**Your assignment**
Write out each line from the data below that includes the word "define".
•••
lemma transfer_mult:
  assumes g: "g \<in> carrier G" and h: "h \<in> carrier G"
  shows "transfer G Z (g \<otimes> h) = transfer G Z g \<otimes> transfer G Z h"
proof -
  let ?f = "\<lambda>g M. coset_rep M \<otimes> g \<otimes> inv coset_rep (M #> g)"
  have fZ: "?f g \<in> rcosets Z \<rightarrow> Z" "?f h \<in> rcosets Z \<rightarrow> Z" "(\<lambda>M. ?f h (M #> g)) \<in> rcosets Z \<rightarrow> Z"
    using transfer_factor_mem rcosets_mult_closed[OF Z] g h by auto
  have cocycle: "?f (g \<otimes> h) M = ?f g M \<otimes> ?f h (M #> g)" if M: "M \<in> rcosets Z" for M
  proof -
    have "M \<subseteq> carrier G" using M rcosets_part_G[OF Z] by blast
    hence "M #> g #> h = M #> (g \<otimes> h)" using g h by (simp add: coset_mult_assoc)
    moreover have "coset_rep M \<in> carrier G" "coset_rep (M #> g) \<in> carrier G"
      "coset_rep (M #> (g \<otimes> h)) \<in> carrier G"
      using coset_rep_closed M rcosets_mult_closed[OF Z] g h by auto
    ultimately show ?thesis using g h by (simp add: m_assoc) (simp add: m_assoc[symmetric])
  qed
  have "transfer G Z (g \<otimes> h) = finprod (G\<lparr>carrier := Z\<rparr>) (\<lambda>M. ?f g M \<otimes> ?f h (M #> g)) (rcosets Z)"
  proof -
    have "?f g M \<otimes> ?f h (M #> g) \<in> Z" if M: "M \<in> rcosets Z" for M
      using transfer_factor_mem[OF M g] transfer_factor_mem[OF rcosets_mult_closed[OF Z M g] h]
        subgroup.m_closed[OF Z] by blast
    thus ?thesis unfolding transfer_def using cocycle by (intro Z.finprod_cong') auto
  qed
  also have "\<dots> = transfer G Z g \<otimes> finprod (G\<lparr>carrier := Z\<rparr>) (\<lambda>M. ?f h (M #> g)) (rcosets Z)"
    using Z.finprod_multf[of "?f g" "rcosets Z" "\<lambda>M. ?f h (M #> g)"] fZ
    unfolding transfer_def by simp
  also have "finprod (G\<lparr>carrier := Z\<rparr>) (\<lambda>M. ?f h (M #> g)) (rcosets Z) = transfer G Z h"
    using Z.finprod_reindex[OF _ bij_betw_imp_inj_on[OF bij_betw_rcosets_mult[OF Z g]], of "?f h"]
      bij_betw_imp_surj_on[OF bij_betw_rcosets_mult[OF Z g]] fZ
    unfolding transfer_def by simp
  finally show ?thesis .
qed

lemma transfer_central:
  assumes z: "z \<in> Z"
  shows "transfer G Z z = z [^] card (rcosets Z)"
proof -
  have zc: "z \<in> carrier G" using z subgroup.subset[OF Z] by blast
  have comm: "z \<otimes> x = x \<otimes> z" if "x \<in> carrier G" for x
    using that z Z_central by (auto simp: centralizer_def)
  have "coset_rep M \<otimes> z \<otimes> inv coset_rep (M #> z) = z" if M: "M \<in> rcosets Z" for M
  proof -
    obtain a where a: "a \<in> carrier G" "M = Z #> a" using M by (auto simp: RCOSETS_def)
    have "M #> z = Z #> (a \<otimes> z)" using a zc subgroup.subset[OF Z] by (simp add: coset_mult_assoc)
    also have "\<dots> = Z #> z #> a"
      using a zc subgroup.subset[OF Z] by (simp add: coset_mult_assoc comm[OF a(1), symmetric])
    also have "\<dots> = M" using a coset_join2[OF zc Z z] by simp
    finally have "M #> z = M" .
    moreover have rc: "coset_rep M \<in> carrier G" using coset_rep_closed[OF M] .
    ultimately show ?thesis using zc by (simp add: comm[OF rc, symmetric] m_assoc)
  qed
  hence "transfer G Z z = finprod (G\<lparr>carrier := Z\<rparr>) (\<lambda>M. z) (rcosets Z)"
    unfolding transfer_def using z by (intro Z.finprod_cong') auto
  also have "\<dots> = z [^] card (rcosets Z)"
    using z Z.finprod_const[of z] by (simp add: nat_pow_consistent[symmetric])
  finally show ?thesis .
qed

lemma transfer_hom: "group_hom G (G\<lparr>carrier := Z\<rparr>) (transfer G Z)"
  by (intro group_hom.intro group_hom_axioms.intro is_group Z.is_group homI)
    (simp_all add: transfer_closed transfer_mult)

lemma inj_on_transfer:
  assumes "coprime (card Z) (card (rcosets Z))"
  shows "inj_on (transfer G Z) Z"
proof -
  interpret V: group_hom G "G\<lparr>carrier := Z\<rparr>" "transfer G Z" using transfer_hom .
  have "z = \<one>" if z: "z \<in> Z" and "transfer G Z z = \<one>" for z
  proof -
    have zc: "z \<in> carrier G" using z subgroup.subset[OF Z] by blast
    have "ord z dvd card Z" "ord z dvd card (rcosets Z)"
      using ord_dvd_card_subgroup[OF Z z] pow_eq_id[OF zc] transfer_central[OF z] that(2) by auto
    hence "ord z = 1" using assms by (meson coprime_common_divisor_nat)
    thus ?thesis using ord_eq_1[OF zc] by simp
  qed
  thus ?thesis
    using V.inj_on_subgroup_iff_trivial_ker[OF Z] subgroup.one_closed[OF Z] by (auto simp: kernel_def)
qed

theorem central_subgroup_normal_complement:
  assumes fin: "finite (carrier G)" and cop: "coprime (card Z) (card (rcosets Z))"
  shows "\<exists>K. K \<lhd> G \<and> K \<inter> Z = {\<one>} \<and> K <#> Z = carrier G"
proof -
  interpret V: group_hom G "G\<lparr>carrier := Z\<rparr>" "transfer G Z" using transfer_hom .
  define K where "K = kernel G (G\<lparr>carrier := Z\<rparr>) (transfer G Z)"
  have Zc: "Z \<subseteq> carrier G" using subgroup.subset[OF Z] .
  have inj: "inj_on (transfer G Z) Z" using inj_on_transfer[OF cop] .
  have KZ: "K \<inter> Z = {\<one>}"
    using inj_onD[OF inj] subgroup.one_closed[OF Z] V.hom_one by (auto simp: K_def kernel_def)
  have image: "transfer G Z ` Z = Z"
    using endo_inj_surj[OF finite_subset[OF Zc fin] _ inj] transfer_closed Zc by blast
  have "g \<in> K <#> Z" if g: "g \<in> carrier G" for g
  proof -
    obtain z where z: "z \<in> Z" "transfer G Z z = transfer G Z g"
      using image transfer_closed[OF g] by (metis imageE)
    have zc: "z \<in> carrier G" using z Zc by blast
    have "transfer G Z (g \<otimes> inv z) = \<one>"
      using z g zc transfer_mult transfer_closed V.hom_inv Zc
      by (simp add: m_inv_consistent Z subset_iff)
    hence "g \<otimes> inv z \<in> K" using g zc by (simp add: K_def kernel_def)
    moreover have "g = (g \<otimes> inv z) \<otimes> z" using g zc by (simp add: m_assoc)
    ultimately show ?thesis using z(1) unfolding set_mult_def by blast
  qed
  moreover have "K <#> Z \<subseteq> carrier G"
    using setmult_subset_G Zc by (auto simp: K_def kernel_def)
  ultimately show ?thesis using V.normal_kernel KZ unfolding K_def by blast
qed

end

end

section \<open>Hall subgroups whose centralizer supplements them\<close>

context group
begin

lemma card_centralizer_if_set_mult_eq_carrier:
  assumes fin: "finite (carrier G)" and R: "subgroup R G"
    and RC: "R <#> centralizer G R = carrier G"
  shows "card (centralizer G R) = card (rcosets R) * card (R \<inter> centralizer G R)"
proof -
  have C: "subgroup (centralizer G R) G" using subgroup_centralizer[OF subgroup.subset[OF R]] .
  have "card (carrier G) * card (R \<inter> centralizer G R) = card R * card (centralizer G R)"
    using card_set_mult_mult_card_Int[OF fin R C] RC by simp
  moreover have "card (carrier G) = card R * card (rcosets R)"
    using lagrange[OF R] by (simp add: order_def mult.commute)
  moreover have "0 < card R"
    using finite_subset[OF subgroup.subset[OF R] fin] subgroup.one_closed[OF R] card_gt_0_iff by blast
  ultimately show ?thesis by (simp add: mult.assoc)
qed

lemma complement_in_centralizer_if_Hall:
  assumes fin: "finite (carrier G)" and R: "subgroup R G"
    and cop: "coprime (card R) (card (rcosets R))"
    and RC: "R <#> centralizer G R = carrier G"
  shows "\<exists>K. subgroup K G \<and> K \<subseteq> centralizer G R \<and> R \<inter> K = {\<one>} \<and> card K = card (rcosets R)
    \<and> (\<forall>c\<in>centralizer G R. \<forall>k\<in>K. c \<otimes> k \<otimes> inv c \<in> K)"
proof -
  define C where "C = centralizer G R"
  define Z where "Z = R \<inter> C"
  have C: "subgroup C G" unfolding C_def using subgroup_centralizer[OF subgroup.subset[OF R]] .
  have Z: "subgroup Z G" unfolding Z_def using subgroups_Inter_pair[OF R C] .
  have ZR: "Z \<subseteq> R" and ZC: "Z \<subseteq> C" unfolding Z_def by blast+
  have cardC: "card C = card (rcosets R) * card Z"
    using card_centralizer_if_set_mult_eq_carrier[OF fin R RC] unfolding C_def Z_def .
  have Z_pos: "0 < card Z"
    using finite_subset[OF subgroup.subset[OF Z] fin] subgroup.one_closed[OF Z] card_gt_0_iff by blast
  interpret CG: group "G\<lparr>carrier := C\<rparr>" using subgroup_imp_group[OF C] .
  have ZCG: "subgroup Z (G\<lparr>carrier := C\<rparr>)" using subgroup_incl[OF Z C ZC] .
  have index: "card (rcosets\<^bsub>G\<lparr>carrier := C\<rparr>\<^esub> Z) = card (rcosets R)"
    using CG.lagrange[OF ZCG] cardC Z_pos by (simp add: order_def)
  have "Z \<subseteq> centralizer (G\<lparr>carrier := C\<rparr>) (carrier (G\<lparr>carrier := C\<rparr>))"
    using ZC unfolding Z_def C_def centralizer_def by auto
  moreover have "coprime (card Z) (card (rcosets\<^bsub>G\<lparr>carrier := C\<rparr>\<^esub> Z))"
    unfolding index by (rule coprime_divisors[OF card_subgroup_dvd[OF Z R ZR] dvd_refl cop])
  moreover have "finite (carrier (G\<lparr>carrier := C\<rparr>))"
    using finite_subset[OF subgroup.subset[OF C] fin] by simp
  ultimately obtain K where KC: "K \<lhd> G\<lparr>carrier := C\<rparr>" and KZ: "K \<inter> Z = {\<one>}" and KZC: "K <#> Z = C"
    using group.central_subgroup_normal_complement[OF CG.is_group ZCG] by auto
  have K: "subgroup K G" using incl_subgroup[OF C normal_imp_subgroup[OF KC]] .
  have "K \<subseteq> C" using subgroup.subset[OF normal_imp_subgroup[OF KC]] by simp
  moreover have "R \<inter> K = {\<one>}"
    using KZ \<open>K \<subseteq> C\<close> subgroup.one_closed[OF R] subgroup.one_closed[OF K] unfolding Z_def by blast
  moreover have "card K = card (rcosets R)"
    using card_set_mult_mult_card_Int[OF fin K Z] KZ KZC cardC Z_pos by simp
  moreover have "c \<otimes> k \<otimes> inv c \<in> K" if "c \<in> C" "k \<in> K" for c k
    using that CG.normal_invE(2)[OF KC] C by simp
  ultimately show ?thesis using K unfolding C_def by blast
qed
•••
**Completed exercise**
  define K where "K = kernel G (G\<lparr>carrier := Z\<rparr>) (transfer G Z)"
  define C where "C = centralizer G R"
  define Z where "Z = R \<inter> C"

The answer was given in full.